Reference standards from Restek were used for calibration (VOA Standard Kit #1-3 + Vinylchloride, cat. No. # 567783, #567784, #567785, #567787)
A 60 m x 0.25 mm x 1.4 μm Restek Rxi-624Sil MS was chosen as GC-Column (cat. No. # 13869)
Headspace Sampler settings
Oven temp.: 80°C Manifold temp.: 120°C Transferline temp.: 200°C Incubation time: 30 min Aux pressure: 1 bar Nitrogen Pressure equilibration: 0.2 min Injection time: 30 s Injection mode: Standard Vial Venting: Ja (yes?) Injection volume: 1 mL Sample volume: 10 mL Vial volume: 20 mL
GC Settings
Oven program: 40 °C (1 min) -> 4 °C/min -> 120 °C (5 min) -> 4 °C/min -> 140 °C (4 min) -> 25 °C/min -> 280 °C (4.4 min) Injector temp.: 200 °C Carrier gas flow: 1.2 mL/min Helium Split ratio: 1:10
Mass Spec. settings
Ionisation mode: EI Ion source temp.: 200 °C Transferline temp.: 250 °C Data sampling rate: 5 spectra/sec, full scan
Compounds and Target Ions as discussed in the DIN Group (Tab. 1)
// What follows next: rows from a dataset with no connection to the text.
lemma reduced_imp_ascending: "3 \<le> n \<Longrightarrow> reduced n w \<Longrightarrow> ascending n w"
proof (induction w rule: rev_induct)
  case (snoc p w)
  have w: "set w \<subseteq> {..<n}" and p: "p < n"
    using snoc.prems(2) by (auto simp: reduced_def)
  have "ascending n w"
    using snoc reduced_append_left by blast
  moreover have "ascent n w p"
  proof (rule ccontr)
    assume "\<not> ascent n w p"
    then obtain y where y: "set y \<subseteq> {..<n}" "length y + 1 = length w" "word_equiv n w (y @ [p])"
      using not_ascent_imp_splits_off[OF snoc.prems(1) \<open>ascending n w\<close> w p] by (auto simp: splits_off_def)
    have "word_equiv n (w @ [p]) (y @ [p, p])"
      using word_equiv_append_right[OF y(3), of "[p]"] by simp
    moreover have "word_equiv n (y @ [p, p]) y"
      using word_equiv.cong[OF word_equiv.square[OF p], of y "[]"] by simp
    ultimately have "length (w @ [p]) \<le> length y"
      using snoc.prems(2) y(1) word_equiv.trans unfolding reduced_def by blast
    then show False
      using y(2) by simp
  qed
  ultimately show ?case
    by simp
qed simp

lemma aswap_less_aswap:
  assumes n: "3 \<le> n" and "x < y" and not_swapped: "\<not> (y = x + 1 \<and> x mod int n = int p)"
  shows "aswap n p x < aswap n p y"
proof -
  have bounds: "z - 1 \<le> aswap n p z" "aswap n p z \<le> z + 1" for z
    by (auto simp: aswap_def)
  consider "y = x + 1" | "y = x + 2" | "x + 3 \<le> y"
    using \<open>x < y\<close> by linarith
  then show ?thesis
  proof cases
    case 1
    then show ?thesis
      using not_swapped by (auto simp: aswap_def)
  next
    case 2
    have "\<not> (x mod int n = int p \<and> (x + 1) mod int n = int p)"
      using mod_add_ne_self[of 1 "int n" x] n by auto
    then have "aswap n p x \<le> x \<or> y \<le> aswap n p y"
      using 2 by (auto simp: aswap_def add.commute)
    then show ?thesis
      using bounds[of x] bounds[of y] 2 by linarith
  next
    case 3
    then show ?thesis
      using bounds[of x] bounds[of y] by linarith
  qed
qed
inductive lbty :: "costs \<Rightarrow> signature \<Rightarrow> ctx \<Rightarrow> rat \<Rightarrow> rat \<Rightarrow> expr \<Rightarrow> aty \<Rightarrow> bool" where
  TUnit: "ok Map.empty (K Kunit) 0 AUnit \<Longrightarrow> lbty K \<Sigma> Map.empty (K Kunit) 0 EUnit AUnit"
| TTrue: "ok Map.empty (K Kbool) 0 ABool \<Longrightarrow> lbty K \<Sigma> Map.empty (K Kbool) 0 ETrue ABool"
| TFalse: "ok Map.empty (K Kbool) 0 ABool \<Longrightarrow> lbty K \<Sigma> Map.empty (K Kbool) 0 EFalse ABool"
| TInt: "ok Map.empty (K Kint) 0 AInt \<Longrightarrow> lbty K \<Sigma> Map.empty (K Kint) 0 (EInt n) AInt"
| TNil: "ok Map.empty (K Knil) 0 (AList p A) \<Longrightarrow> lbty K \<Sigma> Map.empty (K Knil) 0 ENil (AList p A)"
| TVar: "ok [x \<mapsto> A] (K Kvar) 0 A \<Longrightarrow> lbty K \<Sigma> [x \<mapsto> A] (K Kvar) 0 (EVar x) A"
| TOpB: "\<lbrakk>bool_op op; x1 \<noteq> x2; ok [x1 \<mapsto> ABool, x2 \<mapsto> ABool] (K Kop) 0 ABool\<rbrakk>
         \<Longrightarrow> lbty K \<Sigma> [x1 \<mapsto> ABool, x2 \<mapsto> ABool] (K Kop) 0 (EOp op x1 x2) ABool"
| TOpC: "\<lbrakk>cmp_op op; x1 \<noteq> x2; ok [x1 \<mapsto> AInt, x2 \<mapsto> AInt] (K Kop) 0 ABool\<rbrakk>
         \<Longrightarrow> lbty K \<Sigma> [x1 \<mapsto> AInt, x2 \<mapsto> AInt] (K Kop) 0 (EOp op x1 x2) ABool"
| TOpA: "\<lbrakk>arith_op op; x1 \<noteq> x2; ok [x1 \<mapsto> AInt, x2 \<mapsto> AInt] (K Kop) 0 AInt\<rbrakk>
         \<Longrightarrow> lbty K \<Sigma> [x1 \<mapsto> AInt, x2 \<mapsto> AInt] (K Kop) 0 (EOp op x1 x2) AInt"
| TApp: "\<lbrakk>(A1, q, q', A2) \<in> \<Sigma> f; ok [x \<mapsto> A1] (q + K Kapp) q' A2\<rbrakk>
         \<Longrightarrow> lbty K \<Sigma> [x \<mapsto> A1] (q + K Kapp) q' (EApp f x) A2"
| TLet: "\<lbrakk>lbty K \<Sigma> \<Gamma>1 (q - K Klet) q1 e1 A1; lbty K \<Sigma> (\<Gamma>2(x \<mapsto> A1)) q1 q' e2 A2;
          dom \<Gamma>1 \<inter> dom \<Gamma>2 = {}; x \<notin> dom \<Gamma>2; ok (\<Gamma>1 ++ \<Gamma>2) q q' A2\<rbrakk>
         \<Longrightarrow> lbty K \<Sigma> (\<Gamma>1 ++ \<Gamma>2) q q' (ELet x e1 e2) A2"
| TIf: "\<lbrakk>lbty K \<Sigma> \<Gamma> (q - K Kcond) q' et A; lbty K \<Sigma> \<Gamma> (q - K Kcond) q' ef A;
          x \<notin> dom \<Gamma>; ok (\<Gamma>(x \<mapsto> ABool)) q q' A\<rbrakk>
         \<Longrightarrow> lbty K \<Sigma> (\<Gamma>(x \<mapsto> ABool)) q q' (EIf x et ef) A"
| TPair: "\<lbrakk>x1 \<noteq> x2; ok [x1 \<mapsto> A1, x2 \<mapsto> A2] (K Kpair) 0 (APair A1 A2)\<rbrakk>
         \<Longrightarrow> lbty K \<Sigma> [x1 \<mapsto> A1, x2 \<mapsto> A2] (K Kpair) 0 (EPair x1 x2) (APair A1 A2)"
| TMatchP: "\<lbrakk>lbty K \<Sigma> (\<Gamma>(x1 \<mapsto> A1, x2 \<mapsto> A2)) (q - K KmatchP) q' e A;
          x1 \<noteq> x2; x1 \<notin> dom \<Gamma>; x2 \<notin> dom \<Gamma>; x \<notin> dom \<Gamma>;
          ok (\<Gamma>(x \<mapsto> APair A1 A2)) q q' A\<rbrakk>
         \<Longrightarrow> lbty K \<Sigma> (\<Gamma>(x \<mapsto> APair A1 A2)) q q' (EMatchP x x1 x2 e) A"
| TCons: "\<lbrakk>xh \<noteq> xt; ok [xh \<mapsto> A, xt \<mapsto> AList p A] (p + K Kcons) 0 (AList p A)\<rbrakk>
         \<Longrightarrow> lbty K \<Sigma> [xh \<mapsto> A, xt \<mapsto> AList p A] (p + K Kcons) 0 (ECons xh xt) (AList p A)"
| TMatchL: "\<lbrakk>lbty K \<Sigma> \<Gamma> (q - K KmatchN) q' e1 B;
          lbty K \<Sigma> (\<Gamma>(xh \<mapsto> A, xt \<mapsto> AList p A)) (q + p - K KmatchL) q' e2 B;
          xh \<noteq> xt; xh \<notin> dom \<Gamma>; xt \<notin> dom \<Gamma>; x \<notin> dom \<Gamma>;
          ok (\<Gamma>(x \<mapsto> AList p A)) q q' B\<rbrakk>
         \<Longrightarrow> lbty K \<Sigma> (\<Gamma>(x \<mapsto> AList p A)) q q' (EMatchL x e1 xh xt e2) B"
| TShare: "\<lbrakk>lbty K \<Sigma> (\<Gamma>(x1 \<mapsto> A1, x2 \<mapsto> A2)) q q' e B; share A A1 A2;
          x1 \<noteq> x2; x1 \<notin> dom \<Gamma>; x2 \<notin> dom \<Gamma>; x \<notin> dom \<Gamma>;
          ok (\<Gamma>(x \<mapsto> A)) q q' B\<rbrakk>
         \<Longrightarrow> lbty K \<Sigma> (\<Gamma>(x \<mapsto> A)) q q' (EShare x x1 x2 e) B"
| TRelax: "\<lbrakk>lbty K \<Sigma> \<Gamma> p p' e A; p \<le> q; q - p \<le> q' - p'; ok \<Gamma> q q' A\<rbrakk>
         \<Longrightarrow> lbty K \<Sigma> \<Gamma> q q' e A"
| TWeak: "\<lbrakk>lbty K \<Sigma> \<Gamma> q q' e B; share A A A; x \<notin> dom \<Gamma>; ok (\<Gamma>(x \<mapsto> A)) q q' B\<rbrakk>
         \<Longrightarrow> lbty K \<Sigma> (\<Gamma>(x \<mapsto> A)) q q' e B"
| TSub: "\<lbrakk>lbty K \<Sigma> \<Gamma> q q' e A; subty A B; ok \<Gamma> q q' B\<rbrakk>
         \<Longrightarrow> lbty K \<Sigma> \<Gamma> q q' e B"
| TSuper: "\<lbrakk>lbty K \<Sigma> (\<Gamma>(x \<mapsto> B)) q q' e C; subty A B; x \<notin> dom \<Gamma>; ok (\<Gamma>(x \<mapsto> A)) q q' C\<rbrakk>
         \<Longrightarrow> lbty K \<Sigma> (\<Gamma>(x \<mapsto> A)) q q' e C"
(* Let $\rho\in\mathbb N\cup\{\infty\}$, let $D$ be a Van Kampen diagram over $X_\rho$, and let $C\subset D$ be a simply connected cluster which is not complicated. Then $\|\partial C\|_\infty\le\mathrm{length}(\partial C)$ and $\|\partial C\|_1\le 2\,\mathrm{length}(\partial C)$.
   Context: Setting. $G=\langle S\mid\mathcal R\rangle$ is a finite presentation with $S$ finite symmetric and relators of length 2 or 3. $H_1,\dots,H_n\le G$, and $S_i\subset S$ is a finite symmetric generating set of $H_i$. Truncated relative presentation. For $\rho\in\mathbb N\cup\{\infty\}$, $\tilde H_i=\langle\tilde S_i\mid$ words of length $\le\rho$ over $S_i$ trivial in $H_i\rangle$, with $\tilde S_i$ a copy of $S_i$ and natural epimorphism $p_i:\tilde H_i\to H_i$. Put $\hat S=S\sqcup\tilde H_1\sqcup\dots\sqcup\tilde H_n$, each element of $\tilde H_i$ being a letter. $X_\rho$ is the presentation of $G$ with generators $\hat S$ and relators: - $\mathcal R'$, consisting of $\mathcal R$ together with the words $\tilde s^{-1}p_i(\tilde s)$ for $\tilde s\in\tilde S_i$; - for each $i$, all words of at most 3 letters of $\tilde H_i$ with trivial product in $\tilde H_i$. Complexity. $\|s\|=1$ for $s\in S$. For $a\in\tilde H_i$, $\|a\|$ is the word length with respect to $\tilde S_i$. For paths, $\|\cdot\|_1$ and $\|\cdot\|_\infty$ are the sum and the maximum of the edge-label complexities, and $\mathrm{length}$ is the number of edges. Clusters. 2-cells have type $\mathcal R'$ or $\tilde H_i$ according to their relator. Cells of the same type $\tilde H_i$ sharing an edge are cluster-adjacent. A cluster is the closure of a class of the transitive closure of this relation. $\partial C$ is the union of the edges of $C$ lying in exactly one 2-cell of $C$. Complicated. A cluster $C$ is complicated if $\partial C\cap\partial D$ contains at least two edges. *)

theory Defs
  imports Main "HOL-Library.Extended_Nat"
begin

text \<open>Letters of the alphabet S-hat: a generator of S, or an element of the
  truncated group H~_i (an equivalence class of words over the copy of S_i).\<close>
datatype 's letter = Base 's | Sub nat "'s list set"

inductive weq :: "('s \<Rightarrow> 's) \<Rightarrow> 's list set \<Rightarrow> 's list \<Rightarrow> 's list \<Rightarrow> bool"
  for iv R where
  weq_refl: "weq iv R w w"
| weq_sym: "weq iv R u v \<Longrightarrow> weq iv R v u"
| weq_trans: "weq iv R u v \<Longrightarrow> weq iv R v w \<Longrightarrow> weq iv R u w"
| weq_cancel: "weq iv R (u @ [s, iv s] @ v) (u @ v)"
| weq_rel: "r \<in> R \<Longrightarrow> weq iv R (u @ r @ v) (u @ v)"

record 's relpres =
  gens :: "'s set"
  ginv :: "'s \<Rightarrow> 's"
  rels :: "'s list set"
  nsub :: nat
  subgens :: "nat \<Rightarrow> 's set"
  trunc :: enat

definition wf_relpres :: "'s relpres \<Rightarrow> bool" where
  "wf_relpres P \<longleftrightarrow>
     finite (gens P) \<and>
     (\<forall>s\<in>gens P. ginv P s \<in> gens P \<and> ginv P (ginv P s) = s) \<and>
     finite (rels P) \<and>
     (\<forall>r\<in>rels P. set r \<subseteq> gens P \<and> (length r = 2 \<or> length r = 3)) \<and>
     (\<forall>i<nsub P. subgens P i \<subseteq> gens P \<and> finite (subgens P i) \<and>
                 (\<forall>s\<in>subgens P i. ginv P s \<in> subgens P i))"

definition G_triv :: "'s relpres \<Rightarrow> 's list \<Rightarrow> bool" where
  "G_triv P w \<longleftrightarrow> weq (ginv P) (rels P) w []"

text \<open>Relators of H~_i: words of length at most rho over S_i that are trivial in H_i
  (equivalently in G).\<close>
definition tr_rels :: "'s relpres \<Rightarrow> nat \<Rightarrow> 's list set" where
  "tr_rels P i = {w. set w \<subseteq> subgens P i \<and> enat (length w) \<le> trunc P \<and> G_triv P w}"

definition tcl :: "'s relpres \<Rightarrow> nat \<Rightarrow> 's list \<Rightarrow> 's list set" where
  "tcl P i w = {v. set v \<subseteq> subgens P i \<and> weq (ginv P) (tr_rels P i) w v}"

definition Htil :: "'s relpres \<Rightarrow> nat \<Rightarrow> 's list set set" where
  "Htil P i = {tcl P i w | w. set w \<subseteq> subgens P i}"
Compound | target ion | qualifier 1 | qualifier 2 |
Dichloromethane | 84 | 86 | 49 |
Trichloromethane | 83 | 85 | 47 |
1,1,1-Trichloroethane | 97 | 99 | 117 |
Tetrachloromethane | 117 | 119 | 121 |
Trichloroethene | 130 | 95 | 132 |
1,1,2-Trichloroethane | 97 | 83 | 99 |
Tetrachloroethene | 166 | 129 | 164 |
1,1-Dichlorethane | 63 | 83 | 65 |
1,1-Dichloroethene | 61 | 96 | 63 |
1,2-Dichloroethane | 62 | 64 | 98 |
1,2-Dichloropropane | 63 | 62 | 76 |
2,3-Dichloropropene | 75 | 110 | 77 |
Hexachloroethane | 117 | 201 | 119 |
1,1,2-Trichlorotrifluoroethane | 101 | 151 | 103 |
Chloroprene | 53 | 88 | |
Hexachlorobutadiene | 225 | 260 | 227 |
1,2-Dibromomethane | 107 | 109 | |
1,2-Dichlorobenzene | 146 | 111 | 148 |
1,3-Dichlorobenzene | 146 | 111 | 148 |
1,4-Dichlorobenzene | 146 | 111 | 148 |
1,2,3-Trichlorobenzene | 180 | 145 | 182 |
1,2,4-Trichlorobenzene | 180 | 145 | 182 |
1,3,5-Trichlorobenzene | # | # | # |
Vinylchloride | 62 | 64 | 56 |
Allylchloride | # | # | # |
cis-1,2-Dichloroethene | 96 | 61 | 98 |
trans-1,2-Dichloroethene | 96 | 61 | 98 |
cis-1,3-Dichloropropene | 75 | 110 | 77 |
trans-1,3-Dichloropropene | 75 | 110 | 77 |
Benzene | 78 | 77 | 50 |
Toluene | 91 | 92 | 65 |
Ethylbenzene | 91 | 106 | |
o-Xylene | 91 | 106 | |
m/p-Xylene | 91 | 106 | |
Styrene | 78 | 104 | |
Chlorobenzene | 112 | 77 | 114 |
2-Chlorotoluene | 91 | 126 | |
3-Chlorotoluene | 91 | 126 | |
4-Chlorotoluene | 91 | 126 | |
Cumol | 105 | 120 | |
n-Propylbenzene | 91 | 120 | |
MTBE | 73 | 57 | 61 |
ETBE | 59 | 87 | 57 |
1,1,1,2-Tetrachloroethane | 131 | 117 | 133 |
1,2,4-Trimethylbenzene | 105 | 120 | |
1,3,5-Trimethylbenzene | 105 | 120 | |
Bromodichloromethane | 83 | 85 | 129 |
Tribromochloromethane | 173 | 175 | 171 |
Dibromochloromethane | 129 | 127 | 131 |
Naphthaline | 128 | 102 | |
Dichlorodiisopropylether | 45 | 121 | |
Biphenyl | 154 | 153 | 76 |
TAME | 55 | 73 | |
Internal Standards | |||
Toluene-D8 | 98 | 100 | |
1,2-Dichloroethane-D4 | 65 | 67 | 102 |
4-Bromofluorobenzene | 175 | 176 | 95 |
First part of the TIC Chromatogram of the new Restek Reference Standard Kit
Second part of the TIC Chromatogram of the new Restek Reference Standard Kit
TIC chromatogram of a doped wastewater sample
TIC Chromatogram of a doped surface water sample
The complete measurements, performed by Axel Semrau GmbH, can be found here:
http://www.axel-semrau.de/en/Downloads.html
A complete analysis of the described round robin will be part of the validation documents of the DIN 38407-43, possibly in final form at the end of this year.
Restek Corp. wants to thank Mrs. Brüll-Pehl and her laboratory staff for the intensive and successful collaboration and Dr. Rüdiger Kohl, Axel Semrau GmbH, for performing the shown measurements.